lemma cn_in_E_last:
  assumes "in_E x"
  shows "cn (cell x (2*h)) = cell (x + D) 0"
proof -
  have off: "offset (2*h) = k - 2" "offset 0 = 0"
    unfolding offset_def using k_eq g_le_h g_ge_3 by auto
  have "row_step n (cyc_diag n k) (-1) (cell x (2*h)) = (wrap n x, wrap n (x - (k - 2) - 1))"
    unfolding cell_def off by (rule row_step_left) (use n_pos k_less_n k_eq g_le_h g_ge_3 in auto)
  moreover have "col_step n (cyc_diag n k) 1 (wrap n x, wrap n (x - (k - 2) - 1)) =
      (wrap n (x + (n - k + 1)), wrap n (x - (k - 2) - 1))"
    by (rule col_step_down_jump) (use n_pos k_less_n k_eq g_le_h g_ge_3 in auto)
  moreover have "wrap n (x - (k - 2) - 1) = wrap n (x + D - offset 0)"
  proof (rule wrap_cong)
    have "x - (k - 2) - 1 = x - 2*h" using k_eq by simp
    then show "(x - (k - 2) - 1) mod n = (x + D - offset 0) mod n"
      by (simp only: off(2) diff_zero mod_minus_2h)
  qed
  ultimately show ?thesis
    using assms cn_wrap jump_length_eq_D unfolding cell_def R_def by simp
qed

lemma cn_not_in_E:
  assumes "\<not> in_E x" "1 \<le> p" "p \<le> 2*h"
  shows "cn (cell x p) = cell (x + 1) p"
proof -
  have off: "1 \<le> offset p" "offset p < k"
    unfolding offset_def using assms(2,3) k_eq by auto
  have "row_step n (cyc_diag n k) 1 (cell x p) = (wrap n x, wrap n (x - offset p + 1))"
    unfolding cell_def by (rule row_step_right) (use off offset_mod assms n_pos in auto)
  moreover have "col_step n (cyc_diag n k) 1 (wrap n x, wrap n (x - offset p + 1)) =
      (wrap n (x + 1), wrap n (x - offset p + 1))"
    by (rule col_step_down) (use off n_pos k_less_n in auto)
  ultimately show ?thesis
    using assms(1) cn_wrap unfolding cell_def R_def by (simp add: algebra_simps)
qed

lemma cn_not_in_E_zero:
  assumes "\<not> in_E x"
  shows "cn (cell x 0) = cell (x + D) 0"
proof -
  have off: "offset 0 = 0"
    unfolding offset_def using g_le_h g_ge_3 by auto
  have "row_step n (cyc_diag n k) 1 (cell x 0) = (wrap n x, wrap n (x + D))"
    unfolding cell_def off
    using row_step_right_jump[of x "x - 0" n k] k_less_n k_eq g_le_h g_ge_3 jump_length_eq_D
    by simp
  moreover have "(x - (x + D)) mod n = k - 1"
    using neg_mod_eq[of D n] g_le_D g_ge_3 n_eq_D_plus_2h k_eq g_le_h by simp
  then have "col_step n (cyc_diag n k) 1 (wrap n x, wrap n (x + D)) = (wrap n (x + D), wrap n (x + D))"
    using col_step_down_jump[of x "x + D" n k] k_less_n k_eq g_le_h g_ge_3 jump_length_eq_D by simp
  ultimately show ?thesis
    using assms cn_wrap off unfolding cell_def R_def by simp
qed

lemma cn_cell_is_cell:
  assumes "0 \<le> p" "p \<le> 2*h"
  obtains y q where "0 \<le> q" "q \<le> 2*h" "cn (cell x p) = cell y q"
proof (cases "in_E x")
  case True
  show ?thesis
  proof (cases "p = 2*h")
    case True
    then show ?thesis using that[of 0] cn_in_E_last[OF \<open>in_E x\<close>] g_le_h g_ge_3 by simp
  next
    case False
    then show ?thesis using that[of "p + 1"] cn_in_E[OF \<open>in_E x\<close>] assms by simp
  qed
next
  case False
  show ?thesis
  proof (cases "p = 0")
    case True
    then show ?thesis
      using that[of 0] cn_not_in_E_zero[OF \<open>\<not> in_E x\<close>] g_le_h g_ge_3 by simp
  next
    case p_nonzero: False
    then show ?thesis using that[of p] cn_not_in_E[OF False] assms by simp
  qed
qed

lemma cell_cn_preimage:
  assumes "0 \<le> p" "p \<le> 2*h"
  obtains y q where "0 \<le> q" "q \<le> 2*h" "cell x p = cn (cell y q)"
proof (cases "p = 0")
  case True
  show ?thesis
  proof (cases "in_E (x - D)")
    case True
    then show ?thesis
      using that[of "2*h" "x - D"] cn_in_E_last[of "x - D"] \<open>p = 0\<close> g_le_h g_ge_3
      by simp
  next
    case False
    then show ?thesis
      using that[of 0 "x - D"] cn_not_in_E_zero[of "x - D"] \<open>p = 0\<close> g_le_h g_ge_3
      by simp
  qed
next
  case False
  show ?thesis
  proof (cases "in_E (x - 1)")
    case True
    then show ?thesis
      using that[of "p - 1" "x - 1"] cn_in_E[of "x - 1" "p - 1"] False assms by simp
  next
    case not_in_E: False
    then show ?thesis
      using that[of p "x - 1"] cn_not_in_E[of "x - 1" p] False assms by simp
  qed
qed

lemma cn_image: "cn ` cyc_diag n k = cyc_diag n k"
proof
  show "cn ` cyc_diag n k \<subseteq> cyc_diag n k"
  proof
    fix v assume "v \<in> cn ` cyc_diag n k"
    then obtain u where "u \<in> cyc_diag n k" "v = cn u" by blast
    then obtain x p where "0 \<le> p" "p \<le> 2*h" "v = cn (cell x p)" by (auto elim: cell_surj)
    then show "v \<in> cyc_diag n k" by (metis cell_in_F cn_cell_is_cell)
  qed
  show "cyc_diag n k \<subseteq> cn ` cyc_diag n k"
  proof
    fix v assume "v \<in> cyc_diag n k"
    then obtain x p where "0 \<le> p" "p \<le> 2*h" "v = cell x p" by (auto elim: cell_surj)
    then show "v \<in> cn ` cyc_diag n k" by (metis cell_in_F cell_cn_preimage image_eqI)
  qed
qed

lemma finite_F: "finite (cyc_diag n k)"
proof (rule finite_subset)
  show "cyc_diag n k \<subseteq> {1..n} \<times> {1..n}" by (auto simp: cyc_diag_def)
qed simp
(* If $G$ is a connected, claw-free cubic graph, then $\sigma_{(3,1)}(G) \le \beta(G) + 1$. Moreover, this bound is sharp: there exist connected, claw-free cubic graphs $G$ with $\sigma_{(3,1)}(G) = \beta(G)+1$.
   Context: A graph is claw-free if it has no induced subgraph isomorphic to $K_{1,3}$; it is cubic if every vertex has degree $3$. $\beta(G)$ denotes the vertex covering number (minimum size of a set of vertices meeting every edge). $(p,q)$-spreading: let $p\in\mathbb{N}$ and $q\in\mathbb{N}\cup\{\infty\}$. Start with a set $S\subseteq V(G)$ of blue vertices, all other vertices white. The color change rule: if a white vertex $w$ has at least $p$ blue neighbors, and at least one of the blue neighbors of $w$ has at most $q$ white neighbors, then $w$ is recolored blue. $S$ is a $(p,q)$-spreading set if repeatedly applying this rule eventually colors all vertices blue. $\sigma_{(p,q)}(G)$ is the minimum cardinality of a $(p,q)$-spreading set of $G$. *)

theory Defs
  imports Main "HOL-Library.Extended_Nat"
begin

definition graph :: "'a set \<Rightarrow> ('a \<Rightarrow> 'a \<Rightarrow> bool) \<Rightarrow> bool" where
  "graph V E \<longleftrightarrow> finite V \<and> (\<forall>u v. E u v \<longrightarrow> u \<in> V \<and> v \<in> V)
     \<and> (\<forall>u v. E u v \<longrightarrow> E v u) \<and> (\<forall>v. \<not> E v v)"

definition nbhd :: "'a set \<Rightarrow> ('a \<Rightarrow> 'a \<Rightarrow> bool) \<Rightarrow> 'a \<Rightarrow> 'a set" where
  "nbhd V E v = {u \<in> V. E v u}"

definition cubic :: "'a set \<Rightarrow> ('a \<Rightarrow> 'a \<Rightarrow> bool) \<Rightarrow> bool" where
  "cubic V E \<longleftrightarrow> (\<forall>v\<in>V. card (nbhd V E v) = 3)"

definition claw_free :: "'a set \<Rightarrow> ('a \<Rightarrow> 'a \<Rightarrow> bool) \<Rightarrow> bool" where
  "claw_free V E \<longleftrightarrow> \<not> (\<exists>v\<in>V. \<exists>a b c. a \<in> nbhd V E v \<and> b \<in> nbhd V E v \<and> c \<in> nbhd V E v
       \<and> a \<noteq> b \<and> a \<noteq> c \<and> b \<noteq> c \<and> \<not> E a b \<and> \<not> E a c \<and> \<not> E b c)"

definition connected_graph :: "'a set \<Rightarrow> ('a \<Rightarrow> 'a \<Rightarrow> bool) \<Rightarrow> bool" where
  "connected_graph V E \<longleftrightarrow> (\<forall>u\<in>V. \<forall>v\<in>V. E\<^sup>*\<^sup>* u v)"

definition vertex_cover :: "'a set \<Rightarrow> ('a \<Rightarrow> 'a \<Rightarrow> bool) \<Rightarrow> 'a set \<Rightarrow> bool" where
  "vertex_cover V E C \<longleftrightarrow> C \<subseteq> V \<and> (\<forall>u v. E u v \<longrightarrow> u \<in> C \<or> v \<in> C)"

definition vc_number :: "'a set \<Rightarrow> ('a \<Rightarrow> 'a \<Rightarrow> bool) \<Rightarrow> nat" where
  "vc_number V E = Min {card C | C. vertex_cover V E C}"

text \<open>One round of the (p,q) colour change rule applied to all eligible white vertices
  (the rule is monotone, so the final blue set does not depend on the order of application).\<close>
definition spread_step :: "'a set \<Rightarrow> ('a \<Rightarrow> 'a \<Rightarrow> bool) \<Rightarrow> nat \<Rightarrow> enat \<Rightarrow> 'a set \<Rightarrow> 'a set" where
  "spread_step V E p q B = B \<union> {w \<in> V - B. p \<le> card (nbhd V E w \<inter> B)
       \<and> (\<exists>u \<in> nbhd V E w \<inter> B. enat (card (nbhd V E u - B)) \<le> q)}"

definition spreading_set :: "'a set \<Rightarrow> ('a \<Rightarrow> 'a \<Rightarrow> bool) \<Rightarrow> nat \<Rightarrow> enat \<Rightarrow> 'a set \<Rightarrow> bool" where
  "spreading_set V E p q S \<longleftrightarrow> S \<subseteq> V \<and> (\<exists>k. (spread_step V E p q ^^ k) S = V)"

definition sigma :: "'a set \<Rightarrow> ('a \<Rightarrow> 'a \<Rightarrow> bool) \<Rightarrow> nat \<Rightarrow> enat \<Rightarrow> nat" where
  "sigma V E p q = Min {card S | S. spreading_set V E p q S}"

end

theory Submission
  imports Defs
begin

(*
  Let C be a minimum vertex cover and x a vertex outside it, start the (3,1)-process
  from C + x and let B be the blue set once the process stalls. Every white vertex w lies outside C,
  so its three neighbours are blue, and w stays white only because each of them has two white
  neighbours. Call v saturated if v and all its neighbours are blue; x is saturated. If v is
  saturated and its neighbour y had a white neighbour, then y would have two white neighbours,
  non-adjacent (both lie outside C) and not adjacent to v: a claw at y. So saturation spreads
  along edges and, the graph being connected, B = V.

  In a cubic graph an edge with both ends white never turns blue under the
  (3,q)-rule, so spreading sets are vertex covers. In a claw-free cubic graph a vertex of a cover
  C has at most two neighbours outside C, and counting the edges between C and V - C gives
  3 |V - C| <= 2 |C|. In the case of equality every blue vertex has two white neighbours and
  nothing spreads at all. Hence, if 5 beta = 3 |V|, every (3,1)-spreading set has more than
  beta vertices.
*)

lemma graph_finite: "graph V E \<Longrightarrow> finite V"
  by (simp add: graph_def)

lemma graph_sym: "graph V E \<Longrightarrow> E u v \<Longrightarrow> E v u"
  by (simp add: graph_def)

lemma graph_edge_in_vertices: "graph V E \<Longrightarrow> E u v \<Longrightarrow> u \<in> V \<and> v \<in> V"
  by (simp add: graph_def)

lemma graph_irrefl: "graph V E \<Longrightarrow> \<not> E v v"
  by (simp add: graph_def)

lemma in_nbhd_iff: "graph V E \<Longrightarrow> u \<in> nbhd V E v \<longleftrightarrow> E v u"
  by (auto simp: nbhd_def graph_def)

lemma finite_nbhd: "graph V E \<Longrightarrow> finite (nbhd V E v)"
  unfolding nbhd_def by (simp add: graph_finite)

lemma vertex_cover_nbhd_subset:
  "vertex_cover V E C \<Longrightarrow> u \<notin> C \<Longrightarrow> nbhd V E u \<subseteq> C"
  by (auto simp: vertex_cover_def nbhd_def)

lemma vertex_cover_independent_complement:
  "vertex_cover V E C \<Longrightarrow> a \<notin> C \<Longrightarrow> b \<notin> C \<Longrightarrow> \<not> E a b"
  by (auto simp: vertex_cover_def)

lemma claw_free_card_independent_nbrs:
  assumes "claw_free V E" "v \<in> V" "W \<subseteq> nbhd V E v" "\<And>a b. a \<in> W \<Longrightarrow> b \<in> W \<Longrightarrow> \<not> E a b"
  shows "card W \<le> 2"
proof (rule ccontr)
  assume "\<not> card W \<le> 2"
  then obtain T where "T \<subseteq> W" "card T = 3"
    by (metis not_less_eq_eq numeral_2_eq_2 numeral_3_eq_3 obtain_subset_with_card_n)
  then obtain a b c where "a \<in> W" "b \<in> W" "c \<in> W" "a \<noteq> b" "a \<noteq> c" "b \<noteq> c"
    by (auto simp: card_3_iff)
  with assms show False
    unfolding claw_free_def by blast
qed
lemma neighbour_gap_ge:
  fixes A s c :: real and n p k :: nat
  defines "lam \<equiv> 1 - 1 / A"
  defines "d \<equiv> affine_mean (\<lambda>_. lam) (\<lambda>_. c * s / A) (k * n)
               - affine_mean (neighbour_factor A s n p) (neighbour_shift A s c n p) (k * n)"
  assumes A: "6 < A" and s: "1/2 < s" "s < 1" and c: "0 < c" and p: "p < n" and k: "1 \<le> k"
  shows "3 / 4 * (s / A) * c * ((1 - s) + s * lam ^ n) * (\<Prod>i<k * n. neighbour_factor A s n p i) \<le> d"
    and "3 / 4 * (s / A) * c * ((1 - s) + s * lam ^ (k * n)) * lam ^ n \<le> d"
proof -
  define g where "g j = (if j mod n = p then 3 / 4 * (s / A) * c * ((1 - s) + s * lam ^ j) else 0)" for j
  have a: "0 < lam" "lam < 1" "lam \<le> neighbour_factor A s n p j" "neighbour_factor A s n p j \<le> 1" for j
    using neighbour_factor_bounds(2,3)[OF A s, of n p j] neighbour_factor_bounds(1,4)[OF A s] A
    unfolding lam_def by auto
  have d: "d = affine_mean (neighbour_factor A s n p) g (k * n)"
    using A unfolding d_def g_def lam_def by (intro neighbour_gap_eq) simp
  have g: "0 \<le> g j" for j
    using A s c a by (simp add: g_def)
  have g_ge: "3 / 4 * (s / A) * c * ((1 - s) + s * lam ^ m) \<le> g j" if "j mod n = p" "j \<le> m" for j m
  proof -
    have "lam ^ m \<le> lam ^ j" using that a by (simp add: power_decreasing)
    then have "3 / 4 * (s / A) * c * ((1 - s) + s * lam ^ m) \<le> 3 / 4 * (s / A) * c * ((1 - s) + s * lam ^ j)"
      using A s c by (intro mult_left_mono add_left_mono) auto
    then show ?thesis using that by (simp add: g_def)
  qed
  have "p < k * n" using p k by (metis less_le_trans mult_le_mono1 mult_1)
  \<comment> \<open>first pass through the halved record\<close>
  then have "g p * (\<Prod>i<k * n. neighbour_factor A s n p i) \<le> d"
    unfolding d using a g by (intro affine_mean_ge_term_bounds(1)) (auto intro: order_trans)
  moreover have "3 / 4 * (s / A) * c * ((1 - s) + s * lam ^ n) * (\<Prod>i<k * n. neighbour_factor A s n p i)
      \<le> g p * (\<Prod>i<k * n. neighbour_factor A s n p i)"
    using p a by (intro mult_right_mono g_ge prod_nonneg) (auto intro: less_imp_le order_trans)
  ultimately show "3 / 4 * (s / A) * c * ((1 - s) + s * lam ^ n) * (\<Prod>i<k * n. neighbour_factor A s n p i) \<le> d"
    by linarith
  \<comment> \<open>last pass through the halved record\<close>
  obtain k' where "k = Suc k'" using k by (metis Suc_le_D One_nat_def)
  define j where "j = k' * n + p"
  have j: "j mod n = p" "j < k * n" "k * n - Suc j < n"
    using p by (auto simp: j_def \<open>k = Suc k'\<close>)
  then have "g j * lam ^ (k * n - Suc j) \<le> d"
    unfolding d using a g by (intro affine_mean_ge_term_bounds(2)) (auto intro: order_trans)
  moreover have "3 / 4 * (s / A) * c * ((1 - s) + s * lam ^ (k * n)) * lam ^ n \<le> g j * lam ^ (k * n - Suc j)"
    using j g a by (intro mult_mono g_ge) (auto intro: less_imp_le power_decreasing)
  ultimately show "3 / 4 * (s / A) * c * ((1 - s) + s * lam ^ (k * n)) * lam ^ n \<le> d"
    by linarith
qed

-----

> Aim of the exercise: Please transcribe only the lines in the records above running from the line that has "along edges and, the" through the line that has "(3,q)-rule, so spreading", both included, exactly as they appear.

> Answer to this exercise:
  along edges and, the graph being connected, B = V.

  In a cubic graph an edge with both ends white never turns blue under the
  (3,q)-rule, so spreading sets are vertex covers. In a claw-free cubic graph a vertex of a cover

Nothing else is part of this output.